(Beginning of SOURCE MATERIAL)

(* Let $n_1,\dots,n_m$ be positive integers, $w=n_1+\dots+n_m$, and $x_1,\dots,x_m\in\mathbb C$ with $|x_i|<1$. Then $$\mathrm{Li}_{n_1,\dots,n_m}(x_1,\dots,x_m)=\int_{C_w}\Omega_{n_1,\dots,n_m}(x_1,\dots,x_m).$$
   Context: $\mathrm{Li}_{n_1,\dots,n_m}(x_1,\dots,x_m)=\sum_{0<k_1<\dots<k_m}\frac{x_1^{k_1}\cdots x_m^{k_m}}{k_1^{n_1}\cdots k_m^{n_m}}$. Put $N_k=n_1+\dots+n_k$ ($N_0=0$). Let $u_1,\dots,u_w$ be coordinates on $\mathbb A^w$ and $C_w=[0,1]^w$ the standard cube in the $u$-coordinates with its standard orientation. Define $v_j=x_ku_j$ if $j=N_k$ for some $k\ge1$, and $v_j=u_j$ otherwise. For $1\le j\le w$ put $P_j=v_jv_{j+1}\cdots v_w$. Then $\Omega_{n_1,\dots,n_m}(x_1,\dots,x_m)=\eta_1\wedge\eta_2\wedge\cdots\wedge\eta_w$, where $\eta_j=\frac{dP_j}{1-P_j}$ if $j=N_k+1$ for some $k\in\{0,\dots,m-1\}$ (the first index of a block) and $\eta_j=\frac{dP_j}{P_j}$ otherwise; the integral over $C_w$ is the integral of the pullback of this form under $u\mapsto v$. (E.g. for $m=1,n_1=2$: $\Omega_2(x)=\frac{d(v_1v_2)}{1-v_1v_2}\wedge\frac{dv_2}{v_2}$ with $v_1=u_1,v_2=xu_2$.) *)

theory Defs
  imports "HOL-Analysis.Analysis"
begin

text \<open>Indices are 1-based as in the paper: n 1, ..., n m are the weights,
  x 1, ..., x m the arguments; cube coordinates are u 1, ..., u w.\<close>

text \<open>Multiple polylogarithm: sum over 0 < k 1 < ... < k m (tuples k extended by 0
  outside 1..m so that each tuple is represented exactly once).\<close>
definition Li :: "nat \<Rightarrow> (nat \<Rightarrow> nat) \<Rightarrow> (nat \<Rightarrow> complex) \<Rightarrow> complex" where
  "Li m n x = infsum (\<lambda>k. \<Prod>i=1..m. x i ^ k i / of_nat (k i) ^ n i)
     {k :: nat \<Rightarrow> nat. (\<forall>i. i \<notin> {1..m} \<longrightarrow> k i = 0) \<and> (\<forall>i\<in>{1..m}. 0 < k i)
        \<and> (\<forall>i\<in>{1..<m}. k i < k (Suc i))}"

definition Nw :: "(nat \<Rightarrow> nat) \<Rightarrow> nat \<Rightarrow> nat" where
  "Nw n k = (\<Sum>i=1..k. n i)"

definition vcoord :: "nat \<Rightarrow> (nat \<Rightarrow> nat) \<Rightarrow> (nat \<Rightarrow> complex) \<Rightarrow> (nat \<Rightarrow> real) \<Rightarrow> nat \<Rightarrow> complex" where
  "vcoord m n x u j =
     (if \<exists>k\<in>{1..m}. j = Nw n k then x (THE k. k \<in> {1..m} \<and> j = Nw n k) * complex_of_real (u j)
      else complex_of_real (u j))"

definition Pprod :: "nat \<Rightarrow> (nat \<Rightarrow> nat) \<Rightarrow> (nat \<Rightarrow> complex) \<Rightarrow> (nat \<Rightarrow> real) \<Rightarrow> nat \<Rightarrow> complex" where
  "Pprod m n x u j = (\<Prod>l=j..Nw n m. vcoord m n x u l)"

text \<open>Coefficient of du_i in the pullback of the 1-form eta_j:
  eta_j = dP_j/(1-P_j) if j = N_k + 1 for some k in {0..m-1}, and dP_j/P_j otherwise.\<close>
definition eta_coeff :: "nat \<Rightarrow> (nat \<Rightarrow> nat) \<Rightarrow> (nat \<Rightarrow> complex) \<Rightarrow> (nat \<Rightarrow> real) \<Rightarrow> nat \<Rightarrow> nat \<Rightarrow> complex" where
  "eta_coeff m n x u j i =
     (if \<exists>k\<in>{0..<m}. j = Nw n k + 1 then 1 / (1 - Pprod m n x u j) else 1 / Pprod m n x u j)
     * vector_derivative (\<lambda>t. Pprod m n x (u(i := t)) j) (at (u i))"

text \<open>Coefficient of du_1 \<and> ... \<and> du_w in the pullback of
  Omega = eta_1 \<and> ... \<and> eta_w (expansion of the wedge product of 1-forms).\<close>
definition Omega_coeff :: "nat \<Rightarrow> (nat \<Rightarrow> nat) \<Rightarrow> (nat \<Rightarrow> complex) \<Rightarrow> (nat \<Rightarrow> real) \<Rightarrow> complex" where
  "Omega_coeff m n x u =
     (\<Sum>\<sigma> | \<sigma> permutes {1..Nw n m}.
        of_int (sign \<sigma>) * (\<Prod>j=1..Nw n m. eta_coeff m n x u j (\<sigma> j)))"

text \<open>The standard cube C_w = [0,1]^w with Lebesgue measure (standard orientation).\<close>
definition cube :: "nat \<Rightarrow> (nat \<Rightarrow> real) measure" where
  "cube w = PiM {1..w} (\<lambda>_. lebesgue_on {0..1})"

end

theory Submission
  imports Defs "HOL-Probability.Infinite_Product_Measure"
begin

text \<open>P_j depends only on u_j, ..., u_w, so the pullback of Omega is upper triangular and
  its coefficient is the product of the diagonal entries, which equals
  (prod_k P_(s_k) / (1 - P_(s_k))) / (u_1 ... u_w), where s_k = N_(k-1) + 1 is the first
  index of block k. Expanding every factor P_(s_k) / (1 - P_(s_k)) into the geometric series
  over d_k >= 1 writes Omega as a sum of monomials prod_l a_l^(E_l) u_l^(E_l - 1), where
  v_l = a_l u_l (vcoord_scale) and E_l (monomial_exponent) is the exponent of v_l. Each monomial
  integrates over the cube to prod_l a_l^(E_l) / E_l; on block i the exponent is
  E_l = d_1 + ... + d_i = k_i, so the integral is the term of Li at k. The same expansion at
  u = 1 is an absolutely convergent majorant of the integrals of the norms, which justifies
  integrating termwise.\<close>

section \<open>Products, series and termwise integration\<close>

lemma leibniz_sum_upper_triangular:
  fixes f :: "nat \<Rightarrow> nat \<Rightarrow> 'a::comm_ring_1"
  assumes "finite S" and lower_zero: "\<And>i j. i \<in> S \<Longrightarrow> j < i \<Longrightarrow> f i j = 0"
  shows "(\<Sum>\<sigma> | \<sigma> permutes S. of_int (sign \<sigma>) * (\<Prod>i\<in>S. f i (\<sigma> i))) = (\<Prod>i\<in>S. f i i)"
proof -
  let ?F = "\<lambda>\<sigma>. of_int (sign \<sigma>) * (\<Prod>i\<in>S. f i (\<sigma> i)) :: 'a"
  have "?F \<sigma> = 0" if "\<sigma> \<in> {\<sigma>. \<sigma> permutes S} - {id}" for \<sigma>
  proof -
    from that have "\<sigma> permutes S" "\<sigma> \<noteq> id" by auto
    then obtain i where "i \<in> S" "\<sigma> i < i"
      using permutes_natset_ge[of \<sigma> S] by (meson not_le)
    then have "(\<Prod>i\<in>S. f i (\<sigma> i)) = 0"
      using assms(1) lower_zero by (intro prod_zero) auto
    then show ?thesis by simp
  qed
  then have "(\<Sum>\<sigma> | \<sigma> permutes S. ?F \<sigma>) = ?F id"
    using sum.remove[of "{\<sigma>. \<sigma> permutes S}" id ?F] assms(1)
    by (simp add: finite_permutations permutes_id)
  then show ?thesis by (simp add: sign_id)
qed

lemma prod_power_prod:
  fixes \<alpha> :: "'b \<Rightarrow> 'a::comm_semiring_1"
  assumes "finite K" "finite L" "\<And>k. k \<in> K \<Longrightarrow> A k \<subseteq> L"
  shows "(\<Prod>k\<in>K. (\<Prod>l\<in>A k. \<alpha> l) ^ d k) = (\<Prod>l\<in>L. \<alpha> l ^ (\<Sum>k\<in>K. if l \<in> A k then d k else 0))"
proof -
  have "(\<Prod>l\<in>A k. \<alpha> l) ^ d k = (\<Prod>l\<in>L. if l \<in> A k then \<alpha> l ^ d k else 1)" if "k \<in> K" for k
  proof -
    have "{l \<in> L. l \<in> A k} = A k" using assms(3)[OF that] by auto
    then show ?thesis using assms(2) by (simp add: prod_power_distrib flip: prod.inter_filter)
  qed
  then have "(\<Prod>k\<in>K. (\<Prod>l\<in>A k. \<alpha> l) ^ d k) = (\<Prod>k\<in>K. \<Prod>l\<in>L. if l \<in> A k then \<alpha> l ^ d k else 1)"
    by (rule prod.cong[OF refl])
  also have "\<dots> = (\<Prod>l\<in>L. \<Prod>k\<in>K. if l \<in> A k then \<alpha> l ^ d k else 1)"
    by (rule prod.swap)
  also have "\<dots> = (\<Prod>l\<in>L. \<alpha> l ^ (\<Sum>k\<in>K. if l \<in> A k then d k else 0))"
    unfolding power_sum by (intro prod.cong refl) simp
  finally show ?thesis .
qed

(End of SOURCE MATERIAL)

**EXERCISE INSTRUCTIONS**
Wherever the string "rule" appears in the records, copy the whole line.

**SOLUTION TO THE EXERCISE**
    by (rule prod.cong[OF refl])
    by (rule prod.swap)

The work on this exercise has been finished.